Расположились возле рассохшейся лавки у забора, подальше от ворот и декоративного элемента. Рёв трудолюбивого самурая стал тише, можно было разговаривать, не напрягая голос. Артур обещал подойти, как только разберётся с валуном. Спросить его про бревно не успели — и теперь терялись в догадках.

— Не кол это, — рассудил Шамиль, сообразив, о чём идёт речь. — У нас что. Турция? Такое только больной придумать может…

Помолчал, ударил кулаком в забор:

— У моего брата нет психики. Нет! Замыслил он что-то, Сан Петрович.

— Что?

— Не знаю! Я ведь чего боялся? Думал, он за пистолет схватится. В кого стрелять станет? Хорошо, если в нас… Эх, почему я с вами не посоветовался? Лучше бы я Артуру спиннинг подарил! Тяжело человеку, плохо.
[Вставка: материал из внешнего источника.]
definition is_structure ::
  "('f \<Rightarrow> nat) \<Rightarrow> ('r \<Rightarrow> nat) \<Rightarrow> ('f, 'r, 'a, 'b) lstruct_scheme \<Rightarrow> bool" where
  "is_structure fa ra S \<longleftrightarrow>
     univ S \<noteq> {} \<and>
     Metric_space (univ S) (mdist S) \<and>
     Metric_space.mcomplete (univ S) (mdist S) \<and>
     (\<forall>x\<in>univ S. \<forall>y\<in>univ S. mdist S x y \<le> 1) \<and>
     (\<forall>f. (\<forall>xs\<in>tuples S (fa f). fun_interp S f xs \<in> univ S) \<and>
          (\<exists>L. \<forall>xs\<in>tuples S (fa f). \<forall>ys\<in>tuples S (fa f).
                 mdist S (fun_interp S f xs) (fun_interp S f ys) \<le> L * tuple_dist S xs ys)) \<and>
     (\<forall>R. (\<forall>xs\<in>tuples S (ra R). 0 \<le> rel_interp S R xs \<and> rel_interp S R xs \<le> 1) \<and>
          (\<exists>L. \<forall>xs\<in>tuples S (ra R). \<forall>ys\<in>tuples S (ra R).
                 \<bar>rel_interp S R xs - rel_interp S R ys\<bar> \<le> L * tuple_dist S xs ys))"

fun teval :: "('f, 'r, 'a, 'b) lstruct_scheme \<Rightarrow> (nat \<Rightarrow> 'a) \<Rightarrow> 'f aterm \<Rightarrow> 'a" where
  "teval S \<sigma> (Var i) = \<sigma> i"
| "teval S \<sigma> (Fn f ts) = fun_interp S f (map (teval S \<sigma>) ts)"

fun feval :: "('f, 'r, 'a, 'b) lstruct_scheme \<Rightarrow> (nat \<Rightarrow> 'a) \<Rightarrow> ('f, 'r) aformula \<Rightarrow> real" where
  "feval S \<sigma> One = 1"
| "feval S \<sigma> (Rel R ts) = rel_interp S R (map (teval S \<sigma>) ts)"
| "feval S \<sigma> (Dist t u) = mdist S (teval S \<sigma> t) (teval S \<sigma> u)"
| "feval S \<sigma> (Scale r \<phi>) = r * feval S \<sigma> \<phi>"
| "feval S \<sigma> (Add \<phi> \<psi>) = feval S \<sigma> \<phi> + feval S \<sigma> \<psi>"
| "feval S \<sigma> (Inf x \<phi>) = (INF a\<in>univ S. feval S (\<sigma>(x := a)) \<phi>)"
| "feval S \<sigma> (Sup x \<phi>) = (SUP a\<in>univ S. feval S (\<sigma>(x := a)) \<phi>)"

definition asg :: "'a list \<Rightarrow> nat \<Rightarrow> 'a" where
  "asg xs = (\<lambda>i. xs ! i)"

text \<open>A condition is a pair (phi, psi), read as phi \<le> psi.\<close>
type_synonym ('f, 'r) condition = "('f, 'r) aformula \<times> ('f, 'r) aformula"

definition wf_condition :: "('f \<Rightarrow> nat) \<Rightarrow> ('r \<Rightarrow> nat) \<Rightarrow> nat \<Rightarrow> ('f, 'r) condition \<Rightarrow> bool" where
  "wf_condition fa ra k c \<longleftrightarrow>
     wf_formula fa ra (fst c) \<and> wf_formula fa ra (snd c) \<and> fv (fst c) \<union> fv (snd c) \<subseteq> {..<k}"

definition definable_pred ::
  "('f \<Rightarrow> nat) \<Rightarrow> ('r \<Rightarrow> nat) \<Rightarrow> ('f, 'r, 'a, 'b) lstruct_scheme \<Rightarrow> nat \<Rightarrow> ('a list \<Rightarrow> real) \<Rightarrow> bool" where
  "definable_pred fa ra S m P \<longleftrightarrow>
     (\<exists>\<phi>s :: nat \<Rightarrow> ('f, 'r) aformula.
        (\<forall>k. wf_formula fa ra (\<phi>s k) \<and> fv (\<phi>s k) \<subseteq> {..<m}) \<and>
        (\<forall>\<epsilon>>0. \<exists>N. \<forall>k\<ge>N. \<forall>xs\<in>tuples S m. \<bar>feval S (asg xs) (\<phi>s k) - P xs\<bar> \<le> \<epsilon>))"

definition definable_fun ::
  "('f \<Rightarrow> nat) \<Rightarrow> ('r \<Rightarrow> nat) \<Rightarrow> ('f, 'r, 'a, 'b) lstruct_scheme \<Rightarrow> nat \<Rightarrow> ('a list \<Rightarrow> 'a) \<Rightarrow> bool" where
  "definable_fun fa ra S n f \<longleftrightarrow>
     definable_pred fa ra S (Suc n) (\<lambda>xs. mdist S (f (take n xs)) (xs ! n))"

definition type_definable ::
  "('f \<Rightarrow> nat) \<Rightarrow> ('r \<Rightarrow> nat) \<Rightarrow> ('f, 'r, 'a, 'b) lstruct_scheme \<Rightarrow> nat \<Rightarrow> 'a list set \<Rightarrow> bool" where
  "type_definable fa ra S k X \<longleftrightarrow>
     (\<exists>\<Sigma> :: ('f, 'r) condition set.
        (\<forall>c\<in>\<Sigma>. wf_condition fa ra k c) \<and>
        X = {xs\<in>tuples S k. \<forall>c\<in>\<Sigma>. feval S (asg xs) (fst c) \<le> feval S (asg xs) (snd c)})"

text \<open>A set \<Sigma> of conditions in the variables 0..n-1 with parameters b (a finite
  tuple from M, assigned to the variables n..n+length b-1) is consistent with the
  affine theory of (M, b) iff no nonnegative combination of the conditions is
  refuted, i.e. for every finite \<Sigma>0 \<subseteq> \<Sigma> and weights \<lambda> \<ge> 0 the affine sentence
  inf_x \<Sum> \<lambda>_i (\<phi>_i - \<psi>_i) has value \<le> 0 in M (affine compactness / Farkas).\<close>
definition affinely_consistent ::
  "('f, 'r, 'a, 'b) lstruct_scheme \<Rightarrow> nat \<Rightarrow> 'a list \<Rightarrow> ('f, 'r) condition set \<Rightarrow> bool" where
  "affinely_consistent S n b \<Sigma> \<longleftrightarrow>
     (\<forall>\<Sigma>0 w. finite \<Sigma>0 \<and> \<Sigma>0 \<subseteq> \<Sigma> \<and> (\<forall>c\<in>\<Sigma>0. 0 \<le> w c) \<longrightarrow>
        (INF xs\<in>tuples S n. \<Sum>c\<in>\<Sigma>0. w c * (feval S (asg (xs @ b)) (fst c) - feval S (asg (xs @ b)) (snd c))) \<le> 0)"

text \<open>M is \<aleph>0-saturated: every (partial, hence every complete) type in finitely
  many variables over a finite set of parameters is realized in M.\<close>
definition aleph0_saturated ::
  "('f \<Rightarrow> nat) \<Rightarrow> ('r \<Rightarrow> nat) \<Rightarrow> ('f, 'r, 'a, 'b) lstruct_scheme \<Rightarrow> bool" where
  "aleph0_saturated fa ra S \<longleftrightarrow>
     (\<forall>n b \<Sigma>. set b \<subseteq> univ S \<and> (\<forall>c\<in>\<Sigma>. wf_condition fa ra (n + length b) c) \<and>
        affinely_consistent S n b \<Sigma> \<longrightarrow>
        (\<exists>xs\<in>tuples S n. \<forall>c\<in>\<Sigma>. feval S (asg (xs @ b)) (fst c) \<le> feval S (asg (xs @ b)) (snd c)))"

end

theory Submission
  imports Defs "HOL-Combinatorics.Transposition"
begin
lemma abs_sa_dist_le:
  assumes "stochastic_kernel P" and "policy pol"
  shows "\<bar>sa_dist P pol q n z\<bar> \<le> (\<Sum>z\<in>UNIV. \<bar>q z\<bar>)"
proof -
  have "(\<Sum>z\<in>UNIV. \<bar>sa_dist P pol q n z\<bar>) \<le> (\<Sum>z\<in>UNIV. \<bar>q z\<bar>)"
    by (induction n) (auto simp: sa_dist_Suc intro: order.trans[OF sum_abs_sa_step_le[OF assms]])
  then show ?thesis
    by (meson order.trans member_le_sum abs_ge_zero finite UNIV_I)
qed

definition discounted_sa_dist :: "('s::finite \<Rightarrow> 'a::finite \<Rightarrow> 's \<Rightarrow> real) \<Rightarrow> ('s \<Rightarrow> 'a \<Rightarrow> real)
    \<Rightarrow> real \<Rightarrow> ('s \<times> 'a \<Rightarrow> real) \<Rightarrow> 's \<times> 'a \<Rightarrow> real" where
  "discounted_sa_dist P pol \<gamma> q z = (\<Sum>\<tau>. \<gamma> ^ \<tau> * sa_dist P pol q \<tau> z)"

definition state_occ :: "('s::finite \<Rightarrow> 'a::finite \<Rightarrow> 's \<Rightarrow> real) \<Rightarrow> ('s \<Rightarrow> real) \<Rightarrow> real
    \<Rightarrow> ('s \<Rightarrow> 'a \<Rightarrow> real) \<Rightarrow> real ^ 's" where
  "state_occ P rho \<gamma> pol = (\<chi> s. rho s) v* matrix_inv (mat 1 - \<gamma> *\<^sub>R Pmat P pol)"

lemma dstate_eq_state_occ: "dstate P rho \<gamma> pol = (1 - \<gamma>) *\<^sub>R state_occ P rho \<gamma> pol"
  by (simp add: dstate_def state_occ_def)

lemma bellman_eq_Pmat:
  "bellman P \<gamma> pol u V s = (\<Sum>a\<in>UNIV. pol s a * u (s, a)) + \<gamma> * (Pmat P pol *v (\<chi> s. V s)) $ s"
proof -
  have "(\<Sum>a\<in>UNIV. pol s a * (\<gamma> * (\<Sum>s'\<in>UNIV. P s a s' * V s')))
      = \<gamma> * (\<Sum>a\<in>UNIV. \<Sum>s'\<in>UNIV. pol s a * P s a s' * V s')"
    by (simp add: sum_distrib_left mult_ac)
  also have "\<dots> = \<gamma> * (\<Sum>s'\<in>UNIV. (\<Sum>a\<in>UNIV. pol s a * P s a s') * V s')"
    by (subst sum.swap) (simp add: sum_distrib_right)
  finally show ?thesis
    by (simp add: bellman_def Pmat_def matrix_vector_mult_def distrib_left sum.distrib)
qed

context
  fixes P :: "'s::finite \<Rightarrow> 'a::finite \<Rightarrow> 's \<Rightarrow> real" and pol :: "'s \<Rightarrow> 'a \<Rightarrow> real" and \<gamma> :: real
  assumes kernel: "stochastic_kernel P" and policy: "policy pol" and discount: "\<bar>\<gamma>\<bar> < 1"
begin
lemma choose_3_Suc: "Suc n choose 3 = (n choose 3) + (n choose 2)"
  by (simp add: numeral_3_eq_3 numeral_2_eq_2)

lemma choose_2_add: "(a + b) choose 2 = (a choose 2) + (b choose 2) + a * b"
  by (induction b) (auto simp: choose_2_Suc)

lemma choose_2_decomposition: "\<exists>r t. e = (r choose 2) + t \<and> t < r"
proof (induction e)
  case 0
  show ?case by (rule exI[of _ 1]) auto
next
  case (Suc e)
  then obtain r t where rt: "e = (r choose 2) + t" "t < r" by blast
  show ?case
  proof (cases "Suc t < r")
    case True
    with rt show ?thesis by (intro exI[of _ r] exI[of _ "Suc t"]) auto
  next
    case False
    with rt have "Suc t = r" by simp
    with rt show ?thesis by (intro exI[of _ "Suc r"] exI[of _ 0]) (auto simp: choose_2_Suc)
  qed
qed

lemma choose_2_exchange:
  assumes "a \<le> c" "b \<le> c" "c \<le> a + b"
  shows "(a choose 2) + (b choose 2) \<le> (c choose 2) + ((a + b - c) choose 2)"
proof -
  define w x y where "w = a + b - c" and "x = c - b" and "y = c - a"
  have abc: "a = w + x" "b = w + y" "c = w + x + y"
    using assms unfolding w_def x_def y_def by auto
  show ?thesis
    unfolding w_def[symmetric] unfolding abc by (simp add: choose_2_add algebra_simps)
qed

lemma le_if_choose_2_le:
  assumes "a choose 2 \<le> (r choose 2) + t" "t < r"
  shows "a \<le> r"
proof (rule ccontr)
  assume "\<not> a \<le> r"
  then have "Suc r choose 2 \<le> a choose 2" by (intro binomial_right_mono) simp
  with assms show False by (simp add: choose_2_Suc)
qed

text \<open>For \<open>e = (r choose 2) + t\<close> with \<open>t < r\<close>, the quantity \<open>(r choose 3) + (t choose 2)\<close>
  counts the triangles of the colex graph with \<open>e\<close> edges: a complete graph on \<open>r\<close> vertices plus
  one vertex joined to \<open>t\<close> of them.\<close>

lemma colex_triangles_mono:
  assumes "(a choose 2) + b \<le> (r choose 2) + t" "b \<le> a" "t < r"
  shows "(a choose 3) + (b choose 2) \<le> (r choose 3) + (t choose 2)"
proof (cases "a < r")
  case True
  have "(a choose 3) + (b choose 2) \<le> (a choose 3) + (a choose 2)"
    using binomial_right_mono[OF assms(2)] by simp
  also have "\<dots> = Suc a choose 3" by (simp add: choose_3_Suc)
  also have "\<dots> \<le> r choose 3" using True by (intro binomial_right_mono) simp
  finally show ?thesis by simp
next
  case False
  with assms le_if_choose_2_le[of a r t] have "a = r" by simp
  with assms have "b \<le> t" by simp
  with \<open>a = r\<close> show ?thesis using binomial_right_mono[of b t 2] by simp
qed

text \<open>Here \<open>X\<close> bounds the triangles through a vertex of degree \<open>D\<close> in a graph with \<open>e\<close> edges.\<close>

lemma colex_triangles_delete_vertex:
  assumes e: "e = (r choose 2) + t" "t < r" and D: "D \<le> e"
    and e': "e - D = (r' choose 2) + t'" "t' < r'"
    and X: "X \<le> e - D" "X \<le> D choose 2"
  shows "(r' choose 3) + (t' choose 2) + X \<le> (r choose 3) + (t choose 2)"
proof (cases "D choose 2 \<le> e - D")
  case True
  with e' have "D \<le> r'" by (intro le_if_choose_2_le[of D r' t']) simp_all
  show ?thesis
  proof (cases "t' + D < r'")
    case True
    have "(r' choose 3) + (t' choose 2) + X \<le> (r' choose 3) + ((t' + D) choose 2)"
      using X choose_2_add[of t' D] by simp
    also have "\<dots> \<le> (r choose 3) + (t choose 2)"
      using True e D e' by (intro colex_triangles_mono) auto
    finally show ?thesis .
  next
    case False
    with \<open>D \<le> r'\<close> e'(2) have "(t' choose 2) + (D choose 2) \<le> (r' choose 2) + ((t' + D - r') choose 2)"
      by (intro choose_2_exchange) auto
    with X have "(r' choose 3) + (t' choose 2) + X
        \<le> (r' choose 3) + (r' choose 2) + ((t' + D - r') choose 2)"
      by simp
    also have "\<dots> = (Suc r' choose 3) + ((t' + D - r') choose 2)" by (simp add: choose_3_Suc)
    also have "\<dots> \<le> (r choose 3) + (t choose 2)"
      using e D e' False \<open>D \<le> r'\<close> by (intro colex_triangles_mono) (auto simp: choose_2_Suc)
    finally show ?thesis .
  qed
next
  case False
  with e' have "r' < D" using binomial_right_mono[of D r' 2] by fastforce
  have "(r' choose 3) + (t' choose 2) + X \<le> (r' choose 3) + (t' choose 2) + ((r' choose 2) + t')"
    using X e' by simp
  also have "\<dots> = (Suc r' choose 3) + (Suc t' choose 2)" by (simp add: choose_3_Suc choose_2_Suc)
  also have "\<dots> \<le> (r choose 3) + (t choose 2)"
    using e D e' \<open>r' < D\<close> by (intro colex_triangles_mono) (auto simp: choose_2_Suc)
  finally show ?thesis .
qed

definition triangles :: "'a set set \<Rightarrow> 'a set set" where
  "triangles G = {T. card T = 3 \<and> (\<forall>S\<subseteq>T. card S = 2 \<longrightarrow> S \<in> G)}"

lemma finite_Union_doubletons:
  assumes "finite G" "\<forall>S\<in>G. card S = 2"
  shows "finite (\<Union>G)"
  using assms by (metis card.infinite finite_Union zero_neq_numeral)

lemma triangles_empty [simp]: "triangles {} = {}"
proof -
  have False if "card T = 3" "\<forall>S\<subseteq>T. card S = 2 \<longrightarrow> S \<in> {}" for T :: "'a set"
  proof -
    from that(1) obtain x y z where "T = {x, y, z}" "x \<noteq> y" by (auto simp: card_3_iff)
    with that(2)[rule_format, of "{x, y}"] show False by auto
  qed
  then show ?thesis unfolding triangles_def by blast
qed

lemma triangles_subset_Pow_Union: "triangles G \<subseteq> Pow (\<Union>G)"
proof (intro subsetI PowI)
  fix T x assume "T \<in> triangles G" "x \<in> T"
  then have T: "card T = 3" "\<And>S. S \<subseteq> T \<Longrightarrow> card S = 2 \<Longrightarrow> S \<in> G"
    unfolding triangles_def by auto
  from T(1) \<open>x \<in> T\<close> have "card (T - {x}) = 2" by simp
  then obtain y where "y \<in> T - {x}" by (metis all_not_in_conv card.empty zero_neq_numeral)
  with \<open>x \<in> T\<close> have "{x, y} \<in> G" by (intro T(2)) auto
  then show "x \<in> \<Union>G" by blast
qed

lemma finite_triangles:
  assumes "finite G" "\<forall>S\<in>G. card S = 2"
  shows "finite (triangles G)"
proof -
  have "finite (\<Union>G)"
    using assms by (rule finite_Union_doubletons)
  then show ?thesis
    by (meson finite_Pow_iff finite_subset triangles_subset_Pow_Union)
qed

lemma card_triangles_le_delete_vertex:
  assumes "finite G" "\<forall>S\<in>G. card S = 2"
  shows "card (triangles G) \<le> card (triangles {S\<in>G. v \<notin> S}) + card {T\<in>triangles G. v \<in> T}"
proof -
  have "triangles G \<subseteq> triangles {S\<in>G. v \<notin> S} \<union> {T\<in>triangles G. v \<in> T}"
    unfolding triangles_def by blast
  moreover have "finite (triangles {S\<in>G. v \<notin> S})"
    using assms by (intro finite_triangles) auto
  ultimately have "card (triangles G) \<le> card (triangles {S\<in>G. v \<notin> S} \<union> {T\<in>triangles G. v \<in> T})"
    using finite_triangles[OF assms] by (intro card_mono) auto
  also have "\<dots> \<le> card (triangles {S\<in>G. v \<notin> S}) + card {T\<in>triangles G. v \<in> T}"
    by (rule card_Un_le)
  finally show ?thesis .
qed
text \<open>
  The body of the star denotes a single word, so \<open>\<R>\<^sub>4(\<alpha>)\<close> consists of its powers.
  Dereferencing resolves the references left to right; each reference reads the group
  just closed before it (in the same or the previous copy of the body), so after the
  first \<open>j\<close> copies the four groups of copy \<open>j+1\<close> hold
  \<open>f\<^sub>j + 1, j, j + 1, f\<^sub>j\<^sub>+\<^sub>1\<close> letters, where \<open>f\<^sub>0 = 0\<close> and
  \<open>f\<^sub>j\<^sub>+\<^sub>1 = f\<^sub>j + j + 2\<close>, i.e. \<open>2 f\<^sub>j = j (j + 3)\<close>. Copy \<open>j+1\<close> thus contributes
  \<open>j\<^sup>2 + 6 j + 4\<close> letters, and summing gives \<open>n (n + 7) (2 n + 1) / 6\<close>.
\<close>

definition ref_free :: "'a sym list \<Rightarrow> bool" where
  "ref_free v \<longleftrightarrow> (\<forall>x\<in>set v. \<not> isRef x)"

lemma ref_free_simps [simp]:
  "ref_free []"
  "ref_free (x # xs) \<longleftrightarrow> \<not> isRef x \<and> ref_free xs"
  "ref_free (xs @ ys) \<longleftrightarrow> ref_free xs \<and> ref_free ys"
  "ref_free (replicate n x) \<longleftrightarrow> n = 0 \<or> \<not> isRef x"
  by (auto simp: ref_free_def)

lemma g_append [simp]: "g (xs @ ys) = g xs @ g ys"
  by (induction xs rule: g.induct) auto

lemma g_replicate_Letter [simp]: "g (replicate n (Letter x)) = replicate n x"
  by (induction n) auto

lemma find_first_Ref:
  assumes "ref_free P"
  shows "find (\<lambda>j. isRef ((P @ Ref i # S) ! j)) [0..<length (P @ Ref i # S)] = Some (length P)"
proof -
  have "\<forall>j<length P. \<not> isRef (P ! j)"
    using assms nth_mem unfolding ref_free_def by blast
  then show ?thesis by (auto simp: find_Some_iff nth_append)
qed

lemma find_Ref_ref_free: "ref_free v \<Longrightarrow> find (\<lambda>j. isRef (v ! j)) [0..<length v] = None"
  using nth_mem unfolding ref_free_def by (auto simp: find_None_iff)

lemma deref_ref_free: "ref_free v \<Longrightarrow> deref v = Some (g v)"
  by (subst deref.simps) (simp add: find_Ref_ref_free)

lemma deref_Ref_unbound:
  assumes "ref_free P" "Opn i \<notin> set P"
  shows "deref (P @ Ref i # S) = deref (P @ S)"
  by (subst deref.simps[of "P @ Ref i # S"])
    (simp only: find_first_Ref[OF assms(1)] option.case Let_def, simp add: assms)

lemma Greatest_last_Opn:
  assumes "Opn i \<notin> set Q"
  shows "(GREATEST q. q < length (P @ Opn i # Q) \<and> (P @ Opn i # Q) ! q = Opn i) = length P"
proof (rule Greatest_equality)
  fix q assume q: "q < length (P @ Opn i # Q) \<and> (P @ Opn i # Q) ! q = Opn i"
  show "q \<le> length P"
  proof (rule ccontr)
    assume "\<not> q \<le> length P"
    then obtain k where "q = Suc (length P) + k"
      by (metis le_iff_add not_less_eq_eq)
    with q have "Q ! k = Opn i" "k < length Q"
      by (auto simp: nth_append)
    with assms show False by (metis nth_mem)
  qed
qed simp

lemma drop_Suc_length: "drop (Suc (length xs)) (xs @ y # ys) = ys"
  by simp

lemma deref_Ref_bound:
  assumes "ref_free P1" "ref_free W" "ref_free P2"
    and "Opn i \<notin> set W" "Opn i \<notin> set P2" "Cls i \<notin> set W"
  shows "deref (P1 @ Opn i # W @ Cls i # P2 @ Ref i # S)
       = deref (P1 @ Opn i # W @ Cls i # P2 @ map Letter (g W) @ S)"
proof -
  let ?P = "P1 @ Opn i # W @ Cls i # P2"
  have find: "find (\<lambda>j. isRef ((?P @ Ref i # S) ! j)) [0..<length (?P @ Ref i # S)]
      = Some (length ?P)"
    by (rule find_first_Ref) (simp add: assms)
  have greatest: "(GREATEST q. q < length ?P \<and> ?P ! q = Opn i) = length P1"
    using Greatest_last_Opn[of i "W @ Cls i # P2" P1] assms by simp
  have take_group: "takeWhile (\<lambda>s. s \<noteq> Cls i) (W @ Cls i # P2) = W"
    using assms(6) by (induction W) auto
  have take_P: "take (length ?P) (?P @ Ref i # S) = ?P"
    by simp
  \<comment> \<open>The equation of \<open>deref\<close> is a simp rule and would unfold both sides, hence \<open>simp only\<close>.\<close>
  have "deref (?P @ Ref i # S) = deref (?P @ map Letter (g W) @ S)"
    by (subst deref.simps[of "?P @ Ref i # S"])
      (simp only: find option.case Let_def nth_append_length take_P refnum.simps
        greatest drop_Suc_length take_group, simp)
  then show ?thesis by simp
qed

lemma lstar_singleton: "lstar {w} = {concat (replicate n w) | n. True}"
proof -
  have "set ws \<subseteq> {w} \<longleftrightarrow> ws = replicate (length ws) w" for ws
    by (auto simp: subset_iff intro: replicate_length_same[symmetric] dest: arg_cong[where f = set])
  then show ?thesis
    unfolding lstar_def by (metis (no_types, lifting) length_replicate)
qed

abbreviation letters :: "nat \<Rightarrow> sigma sym list" where
  "letters n \<equiv> replicate n (Letter a)"

definition body :: "sigma sym list" where
  "body = [Opn 1, Ref 4, Letter a, Cls 1, Opn 2, Ref 3, Cls 2,
           Opn 3, Ref 2, Letter a, Cls 3, Opn 4, Ref 1, Ref 3, Cls 4]"

lemma RL_alpha11: "RL alpha11 = {concat (replicate n body) | n. True}"
proof -
  have "RL (Conc (Grp 1 (Conc (BRef 4) (Lit a)))
       (Conc (Grp 2 (BRef 3))
       (Conc (Grp 3 (Conc (BRef 2) (Lit a)))
             (Grp 4 (Conc (BRef 1) (BRef 3)))))) = {body}"
    by (simp add: body_def)
  then show ?thesis
    by (simp add: alpha11_def lstar_singleton)
qed

definition filled :: "nat \<Rightarrow> nat \<Rightarrow> nat \<Rightarrow> nat \<Rightarrow> sigma sym list" where
  "filled y1 y2 y3 y4 = Opn 1 # letters y1 @ Cls 1 # Opn 2 # letters y2 @ Cls 2 #
     Opn 3 # letters y3 @ Cls 3 # Opn 4 # letters y4 @ [Cls 4]"

lemma ref_free_filled [simp]: "ref_free (filled y1 y2 y3 y4)"
  by (simp add: filled_def)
Может, и вправду отвлечься захотел? Как считаете, Сан Петрович?

Учитель вздохнул:

— Я не Шерлок Холмс. То, что замыслил, — очевидно. Уверен, ни камня, ни бревна ещё вчера здесь не было. Знать бы, чем я контуженному Коле не полюбился…

— Э-э! — расхохотался Чисоев-старший. — Учитель вы, Сан Петрович. Учителя с завязанными глазами узнаешь. А вдруг этот Коля лентяем в школе был? Вдруг ему каждую ночь табель с двойками снится?

Бывший классный руководитель представил себе этот кошмар. Оценил, содрогнулся. Но всё-таки почему «пэрэвэртэнь»?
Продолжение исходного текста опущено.